(Problem statement) Within the records that follow, find every line containing the string "cases". Copy those lines.

(Collected data)
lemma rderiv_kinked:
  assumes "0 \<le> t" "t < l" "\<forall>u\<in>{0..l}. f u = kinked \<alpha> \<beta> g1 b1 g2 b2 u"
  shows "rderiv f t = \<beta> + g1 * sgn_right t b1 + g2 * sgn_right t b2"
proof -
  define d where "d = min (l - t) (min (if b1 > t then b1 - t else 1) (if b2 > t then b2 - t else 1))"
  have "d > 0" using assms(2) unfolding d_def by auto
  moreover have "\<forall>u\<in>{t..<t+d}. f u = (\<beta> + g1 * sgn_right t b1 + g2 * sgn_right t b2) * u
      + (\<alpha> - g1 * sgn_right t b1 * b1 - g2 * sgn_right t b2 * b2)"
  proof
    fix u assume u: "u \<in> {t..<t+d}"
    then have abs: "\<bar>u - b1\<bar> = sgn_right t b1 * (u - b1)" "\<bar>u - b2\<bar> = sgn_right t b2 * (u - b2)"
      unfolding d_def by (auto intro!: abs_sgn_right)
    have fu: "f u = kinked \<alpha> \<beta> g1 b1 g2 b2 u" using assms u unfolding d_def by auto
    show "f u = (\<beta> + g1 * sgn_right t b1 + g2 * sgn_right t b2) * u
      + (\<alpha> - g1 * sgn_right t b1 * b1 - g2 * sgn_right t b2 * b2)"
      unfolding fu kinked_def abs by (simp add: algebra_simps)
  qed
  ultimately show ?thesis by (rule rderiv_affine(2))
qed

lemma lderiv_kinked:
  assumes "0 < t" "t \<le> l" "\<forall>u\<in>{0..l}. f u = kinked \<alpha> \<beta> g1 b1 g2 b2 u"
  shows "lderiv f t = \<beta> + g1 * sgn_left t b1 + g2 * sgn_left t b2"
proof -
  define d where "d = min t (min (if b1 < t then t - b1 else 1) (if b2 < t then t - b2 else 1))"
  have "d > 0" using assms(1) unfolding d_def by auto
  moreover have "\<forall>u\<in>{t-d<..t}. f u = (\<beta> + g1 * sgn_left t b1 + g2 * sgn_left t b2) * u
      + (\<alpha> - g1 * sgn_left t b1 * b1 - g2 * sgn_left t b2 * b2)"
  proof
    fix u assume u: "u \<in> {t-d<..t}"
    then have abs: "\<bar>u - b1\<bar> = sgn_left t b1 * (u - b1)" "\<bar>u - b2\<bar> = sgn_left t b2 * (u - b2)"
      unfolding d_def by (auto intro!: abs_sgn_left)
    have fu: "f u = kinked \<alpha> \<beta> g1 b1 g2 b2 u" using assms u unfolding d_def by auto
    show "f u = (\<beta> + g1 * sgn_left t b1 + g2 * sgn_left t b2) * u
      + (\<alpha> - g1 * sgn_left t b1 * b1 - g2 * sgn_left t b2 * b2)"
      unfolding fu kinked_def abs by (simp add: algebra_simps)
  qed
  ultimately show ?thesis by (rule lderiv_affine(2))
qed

==

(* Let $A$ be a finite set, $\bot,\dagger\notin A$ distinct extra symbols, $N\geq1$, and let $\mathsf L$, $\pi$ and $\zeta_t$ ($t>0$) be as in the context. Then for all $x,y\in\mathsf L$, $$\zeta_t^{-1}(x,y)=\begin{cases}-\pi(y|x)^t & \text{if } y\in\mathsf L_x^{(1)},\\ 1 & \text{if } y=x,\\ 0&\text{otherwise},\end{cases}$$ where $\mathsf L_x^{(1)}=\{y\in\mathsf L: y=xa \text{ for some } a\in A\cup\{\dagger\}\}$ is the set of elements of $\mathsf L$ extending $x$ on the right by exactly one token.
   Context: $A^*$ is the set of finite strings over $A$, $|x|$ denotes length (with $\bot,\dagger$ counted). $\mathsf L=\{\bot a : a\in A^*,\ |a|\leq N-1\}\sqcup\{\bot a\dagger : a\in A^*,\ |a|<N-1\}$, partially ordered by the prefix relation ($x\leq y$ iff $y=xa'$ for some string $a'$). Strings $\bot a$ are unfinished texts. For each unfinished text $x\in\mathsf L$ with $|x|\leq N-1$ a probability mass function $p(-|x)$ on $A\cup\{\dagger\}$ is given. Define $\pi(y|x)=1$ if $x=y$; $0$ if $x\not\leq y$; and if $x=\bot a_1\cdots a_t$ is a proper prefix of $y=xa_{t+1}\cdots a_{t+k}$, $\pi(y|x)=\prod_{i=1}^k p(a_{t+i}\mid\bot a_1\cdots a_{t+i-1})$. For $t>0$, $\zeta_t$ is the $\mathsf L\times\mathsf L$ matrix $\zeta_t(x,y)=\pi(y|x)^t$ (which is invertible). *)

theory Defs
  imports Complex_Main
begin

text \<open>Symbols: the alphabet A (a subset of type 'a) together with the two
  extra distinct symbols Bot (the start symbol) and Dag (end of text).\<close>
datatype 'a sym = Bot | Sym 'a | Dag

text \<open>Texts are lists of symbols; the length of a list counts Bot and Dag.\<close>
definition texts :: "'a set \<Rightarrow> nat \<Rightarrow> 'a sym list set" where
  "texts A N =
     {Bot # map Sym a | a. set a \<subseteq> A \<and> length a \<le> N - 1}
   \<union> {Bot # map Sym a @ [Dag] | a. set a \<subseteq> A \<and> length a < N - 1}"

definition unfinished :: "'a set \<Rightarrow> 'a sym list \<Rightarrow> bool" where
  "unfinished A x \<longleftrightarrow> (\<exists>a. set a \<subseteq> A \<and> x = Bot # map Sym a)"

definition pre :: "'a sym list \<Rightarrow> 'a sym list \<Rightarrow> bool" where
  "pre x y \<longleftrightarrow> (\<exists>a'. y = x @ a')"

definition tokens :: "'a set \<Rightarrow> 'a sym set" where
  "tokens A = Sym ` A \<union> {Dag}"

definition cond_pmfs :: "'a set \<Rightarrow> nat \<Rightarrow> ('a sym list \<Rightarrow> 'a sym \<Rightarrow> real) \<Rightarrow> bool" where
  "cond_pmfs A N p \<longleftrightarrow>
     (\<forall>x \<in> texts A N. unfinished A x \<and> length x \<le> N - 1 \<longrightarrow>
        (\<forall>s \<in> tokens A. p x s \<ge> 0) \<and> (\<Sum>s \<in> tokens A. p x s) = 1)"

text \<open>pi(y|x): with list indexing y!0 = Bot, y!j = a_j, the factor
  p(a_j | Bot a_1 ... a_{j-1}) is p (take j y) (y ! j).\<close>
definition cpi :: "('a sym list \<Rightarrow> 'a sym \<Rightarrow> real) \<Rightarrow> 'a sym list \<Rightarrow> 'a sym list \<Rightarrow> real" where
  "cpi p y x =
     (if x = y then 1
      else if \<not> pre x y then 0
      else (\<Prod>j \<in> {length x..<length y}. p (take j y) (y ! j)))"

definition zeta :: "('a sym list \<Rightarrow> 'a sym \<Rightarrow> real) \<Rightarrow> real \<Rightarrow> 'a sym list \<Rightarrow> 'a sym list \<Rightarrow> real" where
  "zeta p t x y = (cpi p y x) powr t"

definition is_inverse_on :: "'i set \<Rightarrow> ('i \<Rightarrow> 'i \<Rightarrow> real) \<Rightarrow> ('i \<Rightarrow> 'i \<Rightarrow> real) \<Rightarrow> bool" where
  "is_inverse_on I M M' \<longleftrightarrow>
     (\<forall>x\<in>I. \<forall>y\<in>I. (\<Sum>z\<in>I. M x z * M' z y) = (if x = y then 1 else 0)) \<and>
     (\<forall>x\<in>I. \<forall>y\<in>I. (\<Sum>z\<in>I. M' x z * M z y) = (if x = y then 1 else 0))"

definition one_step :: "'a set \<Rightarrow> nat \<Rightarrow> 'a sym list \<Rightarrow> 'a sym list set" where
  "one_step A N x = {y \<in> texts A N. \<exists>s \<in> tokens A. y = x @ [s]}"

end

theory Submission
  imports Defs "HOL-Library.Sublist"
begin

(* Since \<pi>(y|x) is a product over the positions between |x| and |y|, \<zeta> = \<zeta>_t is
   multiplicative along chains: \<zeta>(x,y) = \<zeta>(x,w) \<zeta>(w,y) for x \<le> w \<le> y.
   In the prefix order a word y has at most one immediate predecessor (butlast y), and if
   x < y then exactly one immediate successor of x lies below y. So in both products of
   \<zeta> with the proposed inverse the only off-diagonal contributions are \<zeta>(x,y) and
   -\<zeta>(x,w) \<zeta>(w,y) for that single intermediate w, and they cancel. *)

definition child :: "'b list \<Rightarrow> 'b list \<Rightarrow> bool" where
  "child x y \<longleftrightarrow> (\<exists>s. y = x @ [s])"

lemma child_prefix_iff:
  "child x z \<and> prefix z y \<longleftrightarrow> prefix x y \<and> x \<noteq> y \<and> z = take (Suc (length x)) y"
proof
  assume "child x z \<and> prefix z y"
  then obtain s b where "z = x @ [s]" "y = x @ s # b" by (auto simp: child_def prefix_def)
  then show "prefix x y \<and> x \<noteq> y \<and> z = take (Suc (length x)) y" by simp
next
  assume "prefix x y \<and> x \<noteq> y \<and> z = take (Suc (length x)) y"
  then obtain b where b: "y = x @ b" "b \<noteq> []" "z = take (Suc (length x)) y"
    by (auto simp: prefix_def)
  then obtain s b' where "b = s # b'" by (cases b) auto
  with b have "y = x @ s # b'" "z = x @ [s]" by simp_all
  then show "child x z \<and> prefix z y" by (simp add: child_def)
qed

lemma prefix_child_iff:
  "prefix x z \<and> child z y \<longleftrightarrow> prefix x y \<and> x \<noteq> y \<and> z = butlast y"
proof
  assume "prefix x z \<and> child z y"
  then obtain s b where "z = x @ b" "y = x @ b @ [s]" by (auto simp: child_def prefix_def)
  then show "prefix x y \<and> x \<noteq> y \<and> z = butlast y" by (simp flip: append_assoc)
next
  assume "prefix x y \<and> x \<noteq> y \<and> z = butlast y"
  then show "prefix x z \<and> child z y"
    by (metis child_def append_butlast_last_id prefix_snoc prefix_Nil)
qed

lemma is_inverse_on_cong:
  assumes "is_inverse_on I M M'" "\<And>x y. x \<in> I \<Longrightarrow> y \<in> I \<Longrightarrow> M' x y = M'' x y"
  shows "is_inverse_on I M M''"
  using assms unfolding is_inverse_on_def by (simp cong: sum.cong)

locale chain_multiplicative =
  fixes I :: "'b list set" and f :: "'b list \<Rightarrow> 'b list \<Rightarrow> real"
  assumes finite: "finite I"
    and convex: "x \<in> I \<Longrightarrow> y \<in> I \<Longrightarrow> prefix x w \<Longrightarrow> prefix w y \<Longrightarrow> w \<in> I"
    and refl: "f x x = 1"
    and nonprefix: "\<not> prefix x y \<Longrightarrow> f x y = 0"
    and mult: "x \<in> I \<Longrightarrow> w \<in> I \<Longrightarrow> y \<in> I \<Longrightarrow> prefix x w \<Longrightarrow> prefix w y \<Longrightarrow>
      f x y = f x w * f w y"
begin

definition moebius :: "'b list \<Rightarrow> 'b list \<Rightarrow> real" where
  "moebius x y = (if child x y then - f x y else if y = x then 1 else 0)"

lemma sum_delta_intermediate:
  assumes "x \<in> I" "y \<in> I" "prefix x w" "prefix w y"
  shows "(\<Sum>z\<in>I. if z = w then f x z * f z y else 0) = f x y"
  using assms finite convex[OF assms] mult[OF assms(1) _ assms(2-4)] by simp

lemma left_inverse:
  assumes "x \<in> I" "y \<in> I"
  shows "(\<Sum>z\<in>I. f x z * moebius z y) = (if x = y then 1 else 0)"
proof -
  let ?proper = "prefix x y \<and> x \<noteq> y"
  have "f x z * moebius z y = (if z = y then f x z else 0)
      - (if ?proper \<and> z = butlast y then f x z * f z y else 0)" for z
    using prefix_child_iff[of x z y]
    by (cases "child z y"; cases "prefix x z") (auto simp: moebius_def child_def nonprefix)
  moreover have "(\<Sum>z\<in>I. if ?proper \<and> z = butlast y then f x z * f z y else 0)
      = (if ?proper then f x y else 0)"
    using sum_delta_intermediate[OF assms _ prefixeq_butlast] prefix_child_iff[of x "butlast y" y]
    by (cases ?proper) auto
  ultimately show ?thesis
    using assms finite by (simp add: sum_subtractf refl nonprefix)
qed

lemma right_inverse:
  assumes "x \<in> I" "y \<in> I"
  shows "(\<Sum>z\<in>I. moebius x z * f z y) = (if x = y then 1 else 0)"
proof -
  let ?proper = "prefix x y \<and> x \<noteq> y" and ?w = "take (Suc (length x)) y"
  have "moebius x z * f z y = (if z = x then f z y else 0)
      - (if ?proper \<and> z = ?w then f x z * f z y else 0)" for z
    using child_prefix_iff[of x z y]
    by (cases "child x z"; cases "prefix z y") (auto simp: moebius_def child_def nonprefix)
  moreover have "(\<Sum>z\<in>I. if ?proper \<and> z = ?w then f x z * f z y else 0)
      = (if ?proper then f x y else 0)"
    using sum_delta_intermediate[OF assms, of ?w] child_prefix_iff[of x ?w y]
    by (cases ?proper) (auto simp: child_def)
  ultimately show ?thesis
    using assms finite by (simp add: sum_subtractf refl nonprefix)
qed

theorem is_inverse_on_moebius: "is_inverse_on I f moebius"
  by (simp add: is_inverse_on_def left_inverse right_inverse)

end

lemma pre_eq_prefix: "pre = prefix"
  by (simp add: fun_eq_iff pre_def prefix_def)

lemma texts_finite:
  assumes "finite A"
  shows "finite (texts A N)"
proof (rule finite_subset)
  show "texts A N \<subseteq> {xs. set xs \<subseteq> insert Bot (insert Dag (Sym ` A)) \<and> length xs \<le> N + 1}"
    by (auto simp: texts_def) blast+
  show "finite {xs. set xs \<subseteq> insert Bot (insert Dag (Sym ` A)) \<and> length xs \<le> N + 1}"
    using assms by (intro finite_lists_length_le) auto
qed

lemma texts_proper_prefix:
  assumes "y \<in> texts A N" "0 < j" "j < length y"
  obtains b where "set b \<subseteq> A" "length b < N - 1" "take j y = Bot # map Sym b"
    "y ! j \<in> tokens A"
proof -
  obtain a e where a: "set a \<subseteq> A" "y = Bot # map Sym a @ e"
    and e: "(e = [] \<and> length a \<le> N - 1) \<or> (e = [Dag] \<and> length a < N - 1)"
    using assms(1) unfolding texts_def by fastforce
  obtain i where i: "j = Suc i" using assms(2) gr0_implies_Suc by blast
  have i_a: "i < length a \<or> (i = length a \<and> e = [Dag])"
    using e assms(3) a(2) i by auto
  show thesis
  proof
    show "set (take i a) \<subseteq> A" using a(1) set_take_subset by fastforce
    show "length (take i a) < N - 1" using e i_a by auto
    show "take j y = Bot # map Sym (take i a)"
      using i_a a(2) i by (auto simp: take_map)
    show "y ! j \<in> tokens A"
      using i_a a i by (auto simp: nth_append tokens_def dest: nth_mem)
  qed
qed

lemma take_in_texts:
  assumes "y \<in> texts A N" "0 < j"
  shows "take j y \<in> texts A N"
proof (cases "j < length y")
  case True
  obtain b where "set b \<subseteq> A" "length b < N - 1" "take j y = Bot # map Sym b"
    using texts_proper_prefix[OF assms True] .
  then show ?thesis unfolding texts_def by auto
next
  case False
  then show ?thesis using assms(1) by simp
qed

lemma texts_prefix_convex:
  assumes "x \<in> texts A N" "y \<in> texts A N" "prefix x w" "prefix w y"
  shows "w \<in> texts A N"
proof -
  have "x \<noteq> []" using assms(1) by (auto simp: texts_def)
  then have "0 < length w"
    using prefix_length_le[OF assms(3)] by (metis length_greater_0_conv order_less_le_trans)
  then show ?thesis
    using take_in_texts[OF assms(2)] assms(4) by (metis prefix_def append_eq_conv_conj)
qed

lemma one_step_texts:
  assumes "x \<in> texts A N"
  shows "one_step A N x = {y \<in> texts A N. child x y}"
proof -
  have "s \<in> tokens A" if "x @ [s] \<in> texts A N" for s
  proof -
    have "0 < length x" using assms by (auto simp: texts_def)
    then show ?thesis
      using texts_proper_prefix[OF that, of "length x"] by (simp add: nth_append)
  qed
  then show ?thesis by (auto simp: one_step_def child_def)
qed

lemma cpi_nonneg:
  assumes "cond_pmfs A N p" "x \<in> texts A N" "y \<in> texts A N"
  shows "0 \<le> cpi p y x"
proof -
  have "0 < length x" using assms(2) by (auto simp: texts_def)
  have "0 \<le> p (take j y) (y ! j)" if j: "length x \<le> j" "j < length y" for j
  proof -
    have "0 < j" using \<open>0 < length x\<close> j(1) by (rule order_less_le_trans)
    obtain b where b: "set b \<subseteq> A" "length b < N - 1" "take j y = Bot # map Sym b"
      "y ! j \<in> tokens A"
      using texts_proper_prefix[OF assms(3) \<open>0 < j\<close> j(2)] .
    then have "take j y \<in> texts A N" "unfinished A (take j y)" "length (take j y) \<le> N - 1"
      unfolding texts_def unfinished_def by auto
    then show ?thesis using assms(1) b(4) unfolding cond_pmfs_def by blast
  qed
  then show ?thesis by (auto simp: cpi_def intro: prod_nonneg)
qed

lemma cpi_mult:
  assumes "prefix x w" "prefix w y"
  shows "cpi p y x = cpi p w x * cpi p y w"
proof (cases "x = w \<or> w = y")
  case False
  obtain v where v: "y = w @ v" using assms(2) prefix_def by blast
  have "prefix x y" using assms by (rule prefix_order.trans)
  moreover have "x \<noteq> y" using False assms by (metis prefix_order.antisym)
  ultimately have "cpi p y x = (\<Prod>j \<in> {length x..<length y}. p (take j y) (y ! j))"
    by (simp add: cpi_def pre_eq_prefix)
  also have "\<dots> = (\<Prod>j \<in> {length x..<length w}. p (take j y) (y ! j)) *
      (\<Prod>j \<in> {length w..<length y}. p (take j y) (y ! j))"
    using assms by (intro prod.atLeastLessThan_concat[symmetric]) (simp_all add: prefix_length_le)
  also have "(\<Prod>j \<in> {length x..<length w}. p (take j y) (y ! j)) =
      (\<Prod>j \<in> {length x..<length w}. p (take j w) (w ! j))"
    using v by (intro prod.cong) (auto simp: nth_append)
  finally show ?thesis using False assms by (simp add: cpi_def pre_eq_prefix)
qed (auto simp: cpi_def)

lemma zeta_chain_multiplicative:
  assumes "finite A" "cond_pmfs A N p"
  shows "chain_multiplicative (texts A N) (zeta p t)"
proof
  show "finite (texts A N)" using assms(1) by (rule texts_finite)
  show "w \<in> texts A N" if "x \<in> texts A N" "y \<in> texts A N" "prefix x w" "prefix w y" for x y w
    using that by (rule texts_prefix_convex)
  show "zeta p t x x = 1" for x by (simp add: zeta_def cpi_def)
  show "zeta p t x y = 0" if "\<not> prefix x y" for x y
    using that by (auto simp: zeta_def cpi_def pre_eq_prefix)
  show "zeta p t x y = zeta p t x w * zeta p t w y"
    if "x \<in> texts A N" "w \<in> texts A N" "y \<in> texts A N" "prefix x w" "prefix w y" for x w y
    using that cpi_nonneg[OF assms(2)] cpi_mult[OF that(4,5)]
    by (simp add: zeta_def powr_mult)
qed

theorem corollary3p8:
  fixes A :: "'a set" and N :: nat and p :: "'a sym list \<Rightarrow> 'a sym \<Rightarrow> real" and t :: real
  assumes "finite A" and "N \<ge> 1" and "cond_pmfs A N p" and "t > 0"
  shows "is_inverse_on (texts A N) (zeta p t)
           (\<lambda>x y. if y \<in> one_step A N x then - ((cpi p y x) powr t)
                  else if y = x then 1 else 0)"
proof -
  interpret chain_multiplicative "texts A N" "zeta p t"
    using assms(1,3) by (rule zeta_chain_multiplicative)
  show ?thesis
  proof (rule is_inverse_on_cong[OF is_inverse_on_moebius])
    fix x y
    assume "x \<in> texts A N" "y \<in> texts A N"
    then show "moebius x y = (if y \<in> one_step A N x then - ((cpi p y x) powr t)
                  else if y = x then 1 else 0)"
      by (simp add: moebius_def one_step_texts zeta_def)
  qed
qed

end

(Response to this task)
(* Let $A$ be a finite set, $\bot,\dagger\notin A$ distinct extra symbols, $N\geq1$, and let $\mathsf L$, $\pi$ and $\zeta_t$ ($t>0$) be as in the context. Then for all $x,y\in\mathsf L$, $$\zeta_t^{-1}(x,y)=\begin{cases}-\pi(y|x)^t & \text{if } y\in\mathsf L_x^{(1)},\\ 1 & \text{if } y=x,\\ 0&\text{otherwise},\end{cases}$$ where $\mathsf L_x^{(1)}=\{y\in\mathsf L: y=xa \text{ for some } a\in A\cup\{\dagger\}\}$ is the set of elements of $\mathsf L$ extending $x$ on the right by exactly one token.
  then obtain s b' where "b = s # b'" by (cases b) auto
    by (cases "child z y"; cases "prefix x z") (auto simp: moebius_def child_def nonprefix)
    by (cases ?proper) auto
    by (cases "child x z"; cases "prefix z y") (auto simp: moebius_def child_def nonprefix)
    by (cases ?proper) (auto simp: child_def)
proof (cases "j < length y")
proof (cases "x = w \<or> w = y")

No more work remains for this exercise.